The Act provides nothing more than a basic framework for the 90-day moratorium and exemption process, with the details to be set forth in implementing regulations. The effective date of the new law is May 21, 2009. The commissioners are to issue emergency and final regulations no later than 10 days after the effective date. The regulations must create an application form for the exemption process, clarify the application of Sections 2923.52 and 2923.53, and establish requirements regarding the reporting of loan modification data by servicers. The moratorium provisions become operative 14 days after the issuance of the regulations. The new provisions remain in effect until January 1, 2011, unless extended.

The new law requires the Secretary of Business, Transportation and Housing to make periodic reports to the Legislature on implementation and actions taken under the Act. The initial report is due three months after the first exemption is granted, and subsequent reports are due every six months thereafter. The commissioners are required ("within existing resources") to collect data from "some or all" servicers on loan modifications accomplished under the Act, and to make the data available on an Internet web site at least quarterly. The Secretary of Business, Transportation and Housing is required to maintain an Internet web site that contains information regarding final exemption orders, including links to web sites that describe loan modification programs. This might suggest that servicers who receive final orders must maintain such web sites, but the new law does not specifically require it.

The new law does throw a few bones to loan servicers, but they are likely to give small comfort because of the additional expenses to which servicers will be exposed:

  • The failure to comply with Sections 2923.52 and 2923.53 does not invalidate a sale that is otherwise valid under Civil Code Section 2924f. However, the effect of this is unclear, given a corresponding amendment to Civil Code Section 2924(a)(3) to incorporate the 90-day moratorium provisions of Section 2923.52.
  • Sections 2923.52 and 2923.53 do not require a servicer to violate contractual agreements for investor-owned loans, or to provide a modification to a borrower who is not willing or able to pay under the modification. However, no details are provided regarding the standards for making such determinations regarding the borrower.
  • The submission of an application for an exemption by a national bank, a federal savings bank, or the operating subsidiary of either shall not confer on the commissioner visitorial authority over the institution. Further, nothing in Section 2923.53(j) is "intended to affect the authority of the commissioner over a federally chartered financial institution pursuant to federal law or regulation."

Although it remains to be seen how many servicers will actually adopt a "comprehensive loan modification program" and submit to the exemption process in return for avoidance of the 90-day moratorium, it is likely that many servicers will submit to this process, particularly if the federal bankruptcy laws are amended to allow cramdowns for residential mortgages.
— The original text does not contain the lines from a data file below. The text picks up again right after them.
(* Let $\epsilon>0$ and $\omega\ge0$ be constants, $\phi_0$ a real constant, and $\omega(t)$ a real-valued function with $|\omega(t)|\le\omega$. Let $H^A(t)=[1+\omega(t)]I_z+\epsilon\cos\phi_0 I_y+\epsilon\sin\phi_0 I_x$ and $H^B=\epsilon\cos\phi_0 I_y+\epsilon\sin\phi_0 I_x$. Consider two single-qubit pure-state evolutions $\dot\rho^A_t=-i[H^A(t),\rho^A_t]$ and $\dot\rho^B_t=-i[H^B,\rho^B_t]$, both starting from the state with Bloch vector $(x_0,y_0,z_0)=(0,0,1)$, and let $z^A_t=\mathrm{tr}(\rho^A_t\sigma_z)$, $z^B_t=\mathrm{tr}(\rho^B_t\sigma_z)$. Then $z^A_t\ge z^B_t$ for all $t\in\big[0,\frac{\pi}{2\sqrt{4+\epsilon^2}}\big]$.
   Context: $\sigma_x,\sigma_y,\sigma_z$ are the Pauli matrices $\begin{pmatrix}0&1\\1&0\end{pmatrix},\begin{pmatrix}0&-i\\i&0\end{pmatrix},\begin{pmatrix}1&0\\0&-1\end{pmatrix}$, $I_j=\frac12\sigma_j$, $[A,B]=AB-BA$, units with $\hbar=1$. The Bloch vector of a qubit state $\rho$ is $(x,y,z)=(\mathrm{tr}(\rho\sigma_x),\mathrm{tr}(\rho\sigma_y),\mathrm{tr}(\rho\sigma_z))$, so that $\rho=\frac12(I+x\sigma_x+y\sigma_y+z\sigma_z)$. *)

theory Defs
  imports "HOL-Analysis.Analysis"
begin

type_synonym cmat2 = "complex^2^2"

definition sigma_x :: cmat2 where
  "sigma_x = (\<chi> i j. if i \<noteq> j then 1 else 0)"

definition sigma_y :: cmat2 where
  "sigma_y = (\<chi> i j. if i = 1 \<and> j = 2 then - \<i> else if i = 2 \<and> j = 1 then \<i> else 0)"

definition sigma_z :: cmat2 where
  "sigma_z = (\<chi> i j. if i = j then (if i = 1 then 1 else -1) else 0)"

definition cscale :: "complex \<Rightarrow> cmat2 \<Rightarrow> cmat2" where
  "cscale c M = (\<chi> i j. c * M $ i $ j)"

definition I_x :: cmat2 where "I_x = cscale (1/2) sigma_x"
definition I_y :: cmat2 where "I_y = cscale (1/2) sigma_y"
definition I_z :: cmat2 where "I_z = cscale (1/2) sigma_z"

definition commutator :: "cmat2 \<Rightarrow> cmat2 \<Rightarrow> cmat2" where
  "commutator A B = A ** B - B ** A"

definition bloch_z :: "cmat2 \<Rightarrow> real" where
  "bloch_z \<rho> = Re (trace (\<rho> ** sigma_z))"

definition rho0 :: cmat2 where
  "rho0 = cscale (1/2) (mat 1 + sigma_z)"

definition HA :: "real \<Rightarrow> real \<Rightarrow> real \<Rightarrow> cmat2" where
  "HA \<epsilon> \<phi>0 w = cscale (complex_of_real (1 + w)) I_z
      + cscale (complex_of_real (\<epsilon> * cos \<phi>0)) I_y
      + cscale (complex_of_real (\<epsilon> * sin \<phi>0)) I_x"

definition HB :: "real \<Rightarrow> real \<Rightarrow> cmat2" where
  "HB \<epsilon> \<phi>0 = cscale (complex_of_real (\<epsilon> * cos \<phi>0)) I_y
      + cscale (complex_of_real (\<epsilon> * sin \<phi>0)) I_x"

end

theory Submission
  imports Defs
begin

text \<open>For a Hamiltonian \<open>h \<cdot> I\<close> the Bloch vector \<open>r\<close> precesses, \<open>r' = h \<times> r\<close>, so \<open>|r| = 1\<close> is conserved.
  In both evolutions the transverse part \<open>(\<epsilon> sin \<phi>\<^sub>0, \<epsilon> cos \<phi>\<^sub>0)\<close> of \<open>h\<close> has length \<open>\<epsilon>\<close>, hence
  \<open>|z'| \<le> \<epsilon> sqrt (1 - z\<^sup>2)\<close>: the polar angle \<open>arccos z\<close> grows at rate at most \<open>\<epsilon>\<close>, and
  \<open>z\<^sup>A t \<ge> cos (\<epsilon> t)\<close> as long as \<open>\<epsilon> t \<le> pi\<close>. Without the longitudinal field the evolution is a
  uniform rotation about the transverse axis, so \<open>z\<^sup>B t = cos (\<epsilon> t)\<close> exactly.\<close>

unbundle cross3_syntax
If California's "carrot and stick" approach is successful, it may become a model for other states. Some elements of the Act, in particular the 38% ratio, are similar to the program that the FDIC has implemented for mortgage borrowers at IndyMac Federal Bank. The 38% ratio also dovetails with the Obama Administration's announced mortgage plan (for eligible loans), because once a servicer achieves the 38% ratio mark, the federal plan would match interest reductions dollar-for-dollar to bring the ratio down to 31%.

Unanswered Questions

The proposal leaves many questions unanswered, including:

  • If a servicer services loans for multiple investors, must the servicer's comprehensive modification program be put into place for all of its investors' loans, or only for the investors holding the particular loans that would otherwise be subject to the new 90-day moratorium?
  • What impact will the Act have on national banks, federal savings banks, and their respective operating subsidiaries? Can these institutions avoid the new law by use of the federal preemption doctrine? Is there an enforceable legal basis to require these federal institutions to seek an order from a state regulator? If the Act is preempted, will it be preempted based upon the federal status of the owner of the loan or the federal status of the servicer of the loan? The Act contains language (noted above) that pays lip service to the federal preemption doctrine, but it remains to be seen whether this language will be sufficient to save the Act from a federal preemption challenge.
  • The servicer's modification program must be intended to keep borrowers in their homes when the anticipated recovery under the loan modification "exceeds" the anticipated recovery through foreclosure on a "net present value basis." But, how will the net present value be determined, what numerical assumptions will be employed to calculate the net present value, and what level of excess will be enough? Will these issues be addressed by the implementing regulations?
  • If a servicer's application for an exemption is denied, what is the process to challenge the rejection?
  • Will the Act be challenged by servicers and investors, who can expect their expenses to increase substantially?

Because of the generality of this update, the information provided herein may not be applicable in all situations and should not be acted upon without specific legal advice based on particular situations.